The PAPD measurements and monitoring will be implemented at various geographic and population group levels. A strategic approach will be developed through the NSS to ensure that all data are appropriately disaggregated to reflect disparity by gender, disadvantaged population groups, people living with disability, and by geographic location. These will be regularly entered into the monitoring system to be aggregated for overall reporting.

Key geographical levels include:

  • 1. National level: aggregating M&E results to the national level, based on the measurable outcome indicators and evaluations.

  • 2. Statistical regions/county level: disaggregating key variables and stakeholders to the local level.

Data will also be disaggregated by key stakeholder groups, including:

  • 1. Beneficiary target groups, including gender, youth, people with disabilities and other disadvantaged groups.

  • 2. Private sector, especially small and medium scale (agriculture, SMEs, others).
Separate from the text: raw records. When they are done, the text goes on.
(* Let $A\subseteq B\subseteq C$ be convex sets in $\mathbb{R}^d$. Then: (i) $\operatorname{rdist}(A,B)=\inf\{\lambda\geq 0: B\subseteq(1+\lambda)A-\lambda A\}$; (ii) for any affine map $\pi:\mathbb{R}^d\to\mathbb{R}^m$, $\operatorname{rdist}(\pi(A),\pi(B))\leq\operatorname{rdist}(A,B)$, with equality if $m=d$ and $\pi$ is invertible; (iii) $\operatorname{rdist}(A,C)\leq\operatorname{rdist}(A,B)+\operatorname{rdist}(B,C)+2\operatorname{rdist}(A,B)\operatorname{rdist}(B,C)$; (iv) for convex sets $A_1,\dots,A_t,B_1,\dots,B_t\subseteq\mathbb{R}^d$ with $A_i\subseteq B_i$ for all $i\in[t]$, $\operatorname{rdist}\big(\operatorname{conv}(\bigcup_{i\in[t]}A_i),\operatorname{conv}(\bigcup_{i\in[t]}B_i)\big)\leq\max_{i\in[t]}\operatorname{rdist}(A_i,B_i)$.
   Context: For nonempty convex sets $A\subseteq B\subseteq\mathbb{R}^d$, $\operatorname{rdist}(A,B)=\sup_{\pi}\frac{\sup_{b\in B}\inf_{a\in A}|\pi(b)-\pi(a)|}{\sup_{a,a'\in A}|\pi(a)-\pi(a')|}$, the supremum over all linear maps $\pi:\mathbb{R}^d\to\mathbb{R}$, where a fraction with denominator $\infty$ and the fraction $0/0$ are interpreted as $0$; moreover $\operatorname{rdist}(\emptyset,\emptyset)=0$ and $\operatorname{rdist}(\emptyset,B)=\infty$ for $B\neq\emptyset$. For sets $X,Y$ and scalars $\alpha,\beta$, $\alpha X-\beta Y=\{\alpha x-\beta y: x\in X, y\in Y\}$. *)

theory Defs
  imports "HOL-Analysis.Analysis" "HOL-Library.Extended_Real"
begin

definition rfrac :: "ereal \<Rightarrow> ereal \<Rightarrow> ereal" where
  "rfrac N D = (if D = \<infinity> then 0 else if D = 0 then (if N = 0 then 0 else \<infinity>) else N / D)"

definition rdist :: "'a::euclidean_space set \<Rightarrow> 'a set \<Rightarrow> ereal" where
  "rdist A B =
     (if A = {} then (if B = {} then 0 else \<infinity>)
      else (SUP \<pi>\<in>{\<pi>::'a \<Rightarrow> real. linear \<pi>}.
              rfrac (SUP b\<in>B. INF a\<in>A. ereal \<bar>\<pi> b - \<pi> a\<bar>)
                    (SUP p\<in>A \<times> A. ereal \<bar>\<pi> (fst p) - \<pi> (snd p)\<bar>)))"

definition scaled_diff :: "real \<Rightarrow> 'a::real_vector set \<Rightarrow> real \<Rightarrow> 'a set \<Rightarrow> 'a set" where
  "scaled_diff \<alpha> X \<beta> Y = {\<alpha> *\<^sub>R x - \<beta> *\<^sub>R y | x y. x \<in> X \<and> y \<in> Y}"

definition affine_map :: "('a::real_vector \<Rightarrow> 'b::real_vector) \<Rightarrow> bool" where
  "affine_map \<pi> \<longleftrightarrow> (\<exists>f c. linear f \<and> \<pi> = (\<lambda>x. f x + c))"

end

theory Submission
  imports Defs
begin

(*
  Everything rests on (i): for convex A, rdist A B < l forces B \<subseteq> (1 + l) A - l A, and
  conversely. If a point of B lay outside the closure of (1 + l) A - l A, a separating
  linear functional would see it more than l widths of A away from A; the closure is then
  removed by giving up an arbitrarily small amount of l, a ball around a relative interior
  point of A absorbing the approximation error. Statement (ii) holds because functionals on
  the image pull back along the linear part of the map. For (iii), the construction with l\<^sub>1
  followed by the one with l\<^sub>2 stays inside the one with l\<^sub>1 + l\<^sub>2 + 2 l\<^sub>1 l\<^sub>2; for (iv),
  (1 + l) H - l H is convex for the hull H of the A\<^sub>i and contains every B\<^sub>i, hence their hull.
*)

lemma rfrac_le_ereal:
  fixes N D :: ereal
  assumes "0 \<le> N" "0 \<le> D" "0 \<le> l" "N \<le> ereal l * D"
  shows "rfrac N D \<le> ereal l"
  using assms by (cases D; cases N) (auto simp: rfrac_def field_simps)

lemma ereal_le_rfrac:
  fixes N D :: ereal
  assumes "0 \<le> D" "D \<noteq> \<infinity>" "0 \<le> l" "ereal l * D < N"
  shows "ereal l \<le> rfrac N D"
  using assms by (cases D; cases N) (auto simp: rfrac_def field_simps)

lemma ereal_le_if_le_real_above:
  fixes x y :: ereal
  assumes "\<And>l. y < ereal l \<Longrightarrow> x \<le> ereal l"
  shows "x \<le> y"
proof (rule dense_ge)
  fix z assume "y < z"
  then obtain l where "y < ereal l" "ereal l < z" using ereal_dense2 by blast
  then show "x \<le> z" using assms by (meson order.trans less_imp_le)
qed

definition rdist_along :: "('a \<Rightarrow> real) \<Rightarrow> 'a set \<Rightarrow> 'a set \<Rightarrow> ereal" where
  "rdist_along \<pi> A B =
     rfrac (SUP b\<in>B. INF a\<in>A. ereal \<bar>\<pi> b - \<pi> a\<bar>)
           (SUP p\<in>A \<times> A. ereal \<bar>\<pi> (fst p) - \<pi> (snd p)\<bar>)"

lemma rdist_eq_SUP_rdist_along:
  "A \<noteq> {} \<Longrightarrow> rdist A B = (SUP \<pi>\<in>{\<pi>. linear \<pi>}. rdist_along \<pi> A B)"
  by (simp add: rdist_def rdist_along_def)

lemma rdist_along_le_rdist: "A \<noteq> {} \<Longrightarrow> linear \<pi> \<Longrightarrow> rdist_along \<pi> A B \<le> rdist A B"
  by (auto simp: rdist_eq_SUP_rdist_along intro: SUP_upper)

lemma rdist_le_if_rdist_along_le:
  "A \<noteq> {} \<Longrightarrow> (\<And>\<pi>. linear \<pi> \<Longrightarrow> rdist_along \<pi> A B \<le> x) \<Longrightarrow> rdist A B \<le> x"
  by (auto simp: rdist_eq_SUP_rdist_along intro: SUP_least)

lemma rdist_nonneg: "0 \<le> rdist A B"
proof (cases "A = {}")
  case False
  have "0 \<le> rdist_along (\<lambda>_. 0) A B"
    using False by (cases "B = {}") (simp_all add: rdist_along_def rfrac_def)
  then show ?thesis
    using rdist_along_le_rdist[OF False linear_zero] by (rule order.trans)
qed (simp add: rdist_def)

lemma rdist_less_ereal_imp_pos: "rdist A B < ereal l \<Longrightarrow> 0 < l"
  using rdist_nonneg[of A B] by (metis ereal_less(2) order.strict_trans1)

lemma rdist_along_image:
  "rdist_along \<phi> (g ` A) (g ` B) = rdist_along (\<phi> \<circ> g) A B"
proof -
  have "g ` A \<times> g ` A = (\<lambda>p. (g (fst p), g (snd p))) ` (A \<times> A)" by force
  then show ?thesis by (simp add: rdist_along_def image_image)
qed

lemma rdist_along_add_const: "rdist_along (\<lambda>x. \<pi> x + c) A B = rdist_along \<pi> A B"
  by (simp add: rdist_along_def)

lemma SUP_abs_diff_nonneg:
  assumes "A \<noteq> {}"
  shows "0 \<le> (SUP p\<in>A \<times> A. ereal \<bar>\<pi> (fst p) - \<pi> (snd p)\<bar>)"
proof -
  obtain a where "a \<in> A" using assms by auto
  then have "ereal \<bar>\<pi> (fst (a, a)) - \<pi> (snd (a, a))\<bar> \<le> (SUP p\<in>A \<times> A. ereal \<bar>\<pi> (fst p) - \<pi> (snd p)\<bar>)"
    by (intro SUP_upper) auto
  then show ?thesis by (simp add: zero_ereal_def)
qed

lemma SUP_INF_abs_diff_nonneg:
  assumes "B \<noteq> {}"
  shows "0 \<le> (SUP b\<in>B. INF a\<in>A. ereal \<bar>\<pi> b - \<pi> a\<bar>)"
proof -
  obtain b where "b \<in> B" using assms by auto
  have "0 \<le> (INF a\<in>A. ereal \<bar>\<pi> b - \<pi> a\<bar>)" by (intro INF_greatest) auto
  also have "\<dots> \<le> (SUP b\<in>B. INF a\<in>A. ereal \<bar>\<pi> b - \<pi> a\<bar>)" using \<open>b \<in> B\<close> by (rule SUP_upper)
  finally show ?thesis .
qed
8.2.4 Institutional Arrangements for Monitoring and Evaluation

The institutional arrangements for M&E will mirror, to a large degree, the Theory of Change and the roles and responsibilities outlined in the implementation and coordination arrangement of the PAPD (see Figure 1.10 to 1.11 for the Theory of Change and Figure 6.1 for the implementation arrangement). Greater emphasis will be placed on coordination and information sharing in the context of a more robust NSS—to ensure that processes are internalized and applied, interconnected, and harmonized by responsible institutions with the view to support an informed policy decision making process.

8.3 Measuring, Monitoring, Evaluating the SDGs, the AU 2063, and ECOWAS 2020

The government is cognizant of its responsibility under the 2030 Agenda for Sustainable Development which encourages member states to conduct regular and inclusive reviews of progress at the national and sub-national levels, which are country-led and country-driven. The government intends to seek support from partners for these reviews and to integrate SDG, AU2063, and ECOWAS 2020 measurements, monitoring, tracking, and reporting into the national M&E plan and the NSS.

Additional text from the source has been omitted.